Brave New World – Developing the skills for evaluating “Fake News”

False information published online can be designed to further a political agenda, or simply to generate revenue through misleading titles, article descriptions and media in the form of “clickbait”. “Information gap theory” offers some insight into why clickbait is successful, when a reader sees a snippet of a fake news article they will draw upon their background knowledge of that subject (Golman and Loewenstein 2015).This leads to a desire for the reader to seek out the gaps in information from the snippet itself thereby motivating the reader to click the full article (Golman and Loewenstein 2015).

With regards to political agendas, social media posts crafted by fake accounts can be used in order to push a certain narrative that is factually untrue, (BBC News, 2017). Likewise bots can be used to share factually inaccurate tweets in order to make the tweets themselves appear more credible by propagating them into a wide network where they are seen by many people (Wooley, 2016).

bbc fake news post
Example of fake news article on Facebook. Source: BBC News. (2017). Russia posts ‘reached 126m Facebook users’. [online] Available at: [Accessed 6 Mar. 2018].
To assess the validity of this false information online, technological interventions can be used. For instance by using online tools such as “news tracer” users can determine the factual accuracy of a tweet by analysing who shared it, and if the claims in the tweet have been verified by others within the network (Keohane et al., 2017).

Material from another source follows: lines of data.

(* Let $V$ be an infinite Gödel set. A sentence of the BS class w.r.t. validity is valid in $G_V$ if and only if it is valid in $G_n$ for every $n\ge2$; and a sentence of the BS class w.r.t. 1-satisfiability is 1-satisfiable in $G_V$ if and only if it is 1-satisfiable in $G_n$ for every $n\ge2$. In particular, $\mathrm{BS}(G_{[0,1]})=\bigcap_{n\ge2}\mathrm{BS}(G_n)$.
   Context: A Gödel set is a closed set $V\subseteq[0,1]$ with $0,1\in V$. A $V$-interpretation assigns to each $k$-ary predicate a function $U^k\to V$ on a nonempty domain $U$ (constants as usual); $\bot\mapsto0$, $\wedge,\vee$ are $\min,\max$, $\mathcal I(A\supset B)=1$ if $\mathcal I(A)\le\mathcal I(B)$ and $=\mathcal I(B)$ otherwise, $\forall,\exists$ are $\inf,\sup$ over $U$. A sentence is valid in $G_V$ if every $V$-interpretation gives it value $1$, and 1-satisfiable in $G_V$ if some $V$-interpretation gives it value $1$. $G_{[0,1]}$ is $G_V$ with $V=[0,1]$; for $n\ge2$, $G_n$ is $G_V$ with $V=\{1\}\cup\{1-1/k:1\le k\le n-1\}$. The BS class w.r.t. validity consists of sentences $\forall\bar x\exists\bar y\,\psi$, and w.r.t. 1-satisfiability of sentences $\exists\bar x\forall\bar y\,\psi$, with $\psi$ quantifier-free, tuples possibly empty, and no function symbols of positive arity. $\mathrm{BS}(G)$ denotes the set of BS sentences (w.r.t. validity) valid in $G$. *)

theory Defs
  imports Complex_Main
begin

datatype trm = Var nat | Cst nat

datatype fm =
    Bot
  | Atom nat "trm list"
  | Conj fm fm
  | Disj fm fm
  | Impl fm fm
  | All nat fm
  | Ex nat fm

fun fv_trm :: "trm \<Rightarrow> nat set" where
  "fv_trm (Var x) = {x}"
| "fv_trm (Cst k) = {}"

fun fv :: "fm \<Rightarrow> nat set" where
  "fv Bot = {}"
| "fv (Atom P ts) = (\<Union>t\<in>set ts. fv_trm t)"
| "fv (Conj A B) = fv A \<union> fv B"
| "fv (Disj A B) = fv A \<union> fv B"
| "fv (Impl A B) = fv A \<union> fv B"
| "fv (All x A) = fv A - {x}"
| "fv (Ex x A) = fv A - {x}"

definition sentence :: "fm \<Rightarrow> bool" where
  "sentence A \<longleftrightarrow> fv A = {}"

fun qfree :: "fm \<Rightarrow> bool" where
  "qfree Bot = True"
| "qfree (Atom P ts) = True"
| "qfree (Conj A B) = (qfree A \<and> qfree B)"
| "qfree (Disj A B) = (qfree A \<and> qfree B)"
| "qfree (Impl A B) = (qfree A \<and> qfree B)"
| "qfree (All x A) = False"
| "qfree (Ex x A) = False"

definition alls :: "nat list \<Rightarrow> fm \<Rightarrow> fm" where
  "alls xs A = foldr All xs A"

definition exs :: "nat list \<Rightarrow> fm \<Rightarrow> fm" where
  "exs xs A = foldr Ex xs A"

definition BS_val :: "fm \<Rightarrow> bool" where
  "BS_val A \<longleftrightarrow> sentence A \<and> (\<exists>xs ys B. qfree B \<and> A = alls xs (exs ys B))"

definition BS_sat :: "fm \<Rightarrow> bool" where
  "BS_sat A \<longleftrightarrow> sentence A \<and> (\<exists>xs ys B. qfree B \<and> A = exs xs (alls ys B))"

definition goedel_set :: "real set \<Rightarrow> bool" where
  "goedel_set V \<longleftrightarrow> closed V \<and> V \<subseteq> {0..1} \<and> 0 \<in> V \<and> 1 \<in> V"

definition Gn :: "nat \<Rightarrow> real set" where
  "Gn n = {1} \<union> {1 - 1 / real k | k. 1 \<le> k \<and> k \<le> n - 1}"

fun eval_trm :: "(nat \<Rightarrow> 'u) \<Rightarrow> (nat \<Rightarrow> 'u) \<Rightarrow> trm \<Rightarrow> 'u" where
  "eval_trm c e (Var x) = e x"
| "eval_trm c e (Cst k) = c k"

definition gimp :: "real \<Rightarrow> real \<Rightarrow> real" where
  "gimp a b = (if a \<le> b then 1 else b)"

fun eval :: "'u set \<Rightarrow> (nat \<Rightarrow> 'u) \<Rightarrow> (nat \<Rightarrow> 'u list \<Rightarrow> real) \<Rightarrow> (nat \<Rightarrow> 'u) \<Rightarrow> fm \<Rightarrow> real" where
  "eval U c p e Bot = 0"
| "eval U c p e (Atom P ts) = p P (map (eval_trm c e) ts)"
| "eval U c p e (Conj A B) = min (eval U c p e A) (eval U c p e B)"
| "eval U c p e (Disj A B) = max (eval U c p e A) (eval U c p e B)"
| "eval U c p e (Impl A B) = gimp (eval U c p e A) (eval U c p e B)"
| "eval U c p e (All x A) = (INF d\<in>U. eval U c p (e(x := d)) A)"
| "eval U c p e (Ex x A) = (SUP d\<in>U. eval U c p (e(x := d)) A)"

(Van Dijk, & Van Deursen, 2010) argued that the critical thinking skills required for traditional media literacy are not enough when it comes assessing information online. This is in part due to the sheer wealth of options for sources of information available on the web, so new digital skills are needed to evaluate them. An example of one of these digital skills is “strategic skills” which is needed in order to develop a goal for what information you are hoping to find and for the method you will use to find this information (Van Dijk, & Van Deursen, 2010). More details on digital skills are in the diagram below.

Evaluating information online


Word Count: 300


BBC News. (2017). Russia posts ‘reached 126m Facebook users’. [online] Available at: [Accessed 6 Mar. 2018].

Golman, R. and Loewenstein, G. (2015). Curiosity, Information Gaps, and the Utility of Knowledge. SSRN Electronic Journal. [online] Available at:

Keohane, J., Vogelstein, F., Geltzer, J., Eden, S., Simonite, T., Gendreau, H. and Finley, K. (2017). WHAT NEWS-WRITING BOTS MEAN FOR THE FUTURE OF JOURNALISM. [online] WIRED. Available at: [Accessed 6 Mar. 2018].

Woolley, S. (2016). Automating power: Social bot interference in global politics. [online] Available at: [Accessed 5 Mar. 2018].



8 thoughts on “Brave New World – Developing the skills for evaluating “Fake News”

  1. Hi Ryan,
    I really enjoyed reading your blog. It’s crazy how Russia denies allegations that it attempted to influence the US presidential election in 2016 when Russia-linked posts which were mostly against Hillary Clinton reached 126 million Facebook users in the US

    While these posts had a political agenda, most posts on the internet are posted for monetary gains. Most websites such as YouTube, Facebook etc use CPM (cost per thousand) to pay its content creators. For example, a CPM of $2.00 means for every 1000 impressions on a website the creator earns $2.00 (Investopedia, 2018). The more clicks a page gets the more money the creator earns. This has led to an increase in clickbait contents. As click-bait titles are often over exaggerated it can provide people with wrong information. Do you think there is a way of deterring content creators from using creating click-bait content?

    Investopedia (2018) Investopedia: Cost Per Thousand – CPM. Available from: [Accessed 15 March 2018].


    1. Hi Bivash,
      I’d like to expand on your point regarding content creators using clickbait by adding that traditional media outlets also play a role when it comes to spreading false information online. Ball discussed how mainstream media websites will include within their advertisements links to clickbait articles (2017). I don’t believe clickbait can ever really be stopped due to the financial incentives of the people who generate the original articles and those who later profit from its spread. Education on improving your own digital literacy I believe is therefore more important that targeting the creators of false information.

      Ball, J. (2017). Post-Truth: How Bullshit Conquered the World. La Vergne: Biteback Publishing.


  2. Hi Ryan,

    I found your post really interesting and enjoyable to read. I don’t know if you saw but recently this news article ( refers to a study which shows that people are 70% more likely to retweet fake news, especially as you say in your blog post usually of a political nature. I feel like the strategic and formal internet skills you refer to are simple enough but do you think that these concepts are accessible to the wider public?
    I think that the time it takes to map out out how you reach to a certain link especially will be something that people will not do, if you think about how much information we actually consume/how much we surf the web. Do you think then that there needs to be a different approach to educate users?